AVAILABLE DATA:
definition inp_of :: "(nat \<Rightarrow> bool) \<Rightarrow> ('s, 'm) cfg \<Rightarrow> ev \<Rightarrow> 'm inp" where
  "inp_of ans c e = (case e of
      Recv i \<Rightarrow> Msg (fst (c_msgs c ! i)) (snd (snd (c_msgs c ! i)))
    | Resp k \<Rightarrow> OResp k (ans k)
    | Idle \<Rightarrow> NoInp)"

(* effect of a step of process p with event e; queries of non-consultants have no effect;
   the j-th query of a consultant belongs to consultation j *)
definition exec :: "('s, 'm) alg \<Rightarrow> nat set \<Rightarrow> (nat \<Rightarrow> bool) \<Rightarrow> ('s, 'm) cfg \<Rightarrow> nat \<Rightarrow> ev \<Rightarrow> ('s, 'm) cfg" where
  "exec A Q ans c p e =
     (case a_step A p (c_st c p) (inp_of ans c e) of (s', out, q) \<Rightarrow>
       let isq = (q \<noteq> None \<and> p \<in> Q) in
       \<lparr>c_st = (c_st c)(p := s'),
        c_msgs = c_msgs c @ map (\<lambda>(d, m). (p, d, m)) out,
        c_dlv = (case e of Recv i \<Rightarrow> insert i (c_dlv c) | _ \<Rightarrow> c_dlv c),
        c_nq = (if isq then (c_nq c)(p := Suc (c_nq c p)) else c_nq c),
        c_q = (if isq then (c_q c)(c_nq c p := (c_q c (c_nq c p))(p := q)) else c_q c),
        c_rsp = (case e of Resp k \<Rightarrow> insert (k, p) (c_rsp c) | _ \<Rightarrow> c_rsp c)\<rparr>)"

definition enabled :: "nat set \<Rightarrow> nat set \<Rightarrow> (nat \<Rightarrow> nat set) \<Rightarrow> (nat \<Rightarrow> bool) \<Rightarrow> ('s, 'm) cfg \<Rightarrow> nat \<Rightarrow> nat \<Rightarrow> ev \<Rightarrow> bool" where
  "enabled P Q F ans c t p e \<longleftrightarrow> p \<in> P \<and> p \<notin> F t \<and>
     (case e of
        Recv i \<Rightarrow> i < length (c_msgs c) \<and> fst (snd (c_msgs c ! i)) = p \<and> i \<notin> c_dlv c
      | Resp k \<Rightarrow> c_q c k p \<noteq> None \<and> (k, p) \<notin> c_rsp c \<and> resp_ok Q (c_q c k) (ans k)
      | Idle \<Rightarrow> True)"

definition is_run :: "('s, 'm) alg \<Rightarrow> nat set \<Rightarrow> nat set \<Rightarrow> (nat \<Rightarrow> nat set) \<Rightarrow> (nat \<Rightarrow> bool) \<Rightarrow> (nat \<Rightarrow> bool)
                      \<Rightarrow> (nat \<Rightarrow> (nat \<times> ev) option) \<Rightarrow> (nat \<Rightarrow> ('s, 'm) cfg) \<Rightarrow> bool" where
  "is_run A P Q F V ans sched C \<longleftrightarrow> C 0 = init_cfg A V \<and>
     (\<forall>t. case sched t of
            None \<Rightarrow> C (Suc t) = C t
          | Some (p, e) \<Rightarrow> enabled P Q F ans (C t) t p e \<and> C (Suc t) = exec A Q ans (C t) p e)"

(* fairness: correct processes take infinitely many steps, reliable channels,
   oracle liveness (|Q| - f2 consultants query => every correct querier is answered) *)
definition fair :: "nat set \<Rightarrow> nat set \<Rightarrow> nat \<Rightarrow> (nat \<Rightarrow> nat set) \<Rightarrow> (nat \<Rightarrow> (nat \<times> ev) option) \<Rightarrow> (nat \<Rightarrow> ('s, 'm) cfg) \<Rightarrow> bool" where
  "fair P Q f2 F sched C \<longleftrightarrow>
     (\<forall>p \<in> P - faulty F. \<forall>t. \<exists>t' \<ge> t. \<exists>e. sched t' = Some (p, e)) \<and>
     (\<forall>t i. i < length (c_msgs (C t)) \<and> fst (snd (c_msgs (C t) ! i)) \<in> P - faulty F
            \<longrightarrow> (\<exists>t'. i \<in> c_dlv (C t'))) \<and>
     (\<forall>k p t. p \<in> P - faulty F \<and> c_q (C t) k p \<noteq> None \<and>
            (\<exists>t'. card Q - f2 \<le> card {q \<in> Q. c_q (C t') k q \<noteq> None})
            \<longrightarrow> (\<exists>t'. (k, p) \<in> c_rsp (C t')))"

PROMPT:
Scan the records for the string "exec" and report each line where it occurs.

TASK RESPONSE:
definition exec :: "('s, 'm) alg \<Rightarrow> nat set \<Rightarrow> (nat \<Rightarrow> bool) \<Rightarrow> ('s, 'm) cfg \<Rightarrow> nat \<Rightarrow> ev \<Rightarrow> ('s, 'm) cfg" where
  "exec A Q ans c p e =
          | Some (p, e) \<Rightarrow> enabled P Q F ans (C t) t p e \<and> C (Suc t) = exec A Q ans (C t) p e)"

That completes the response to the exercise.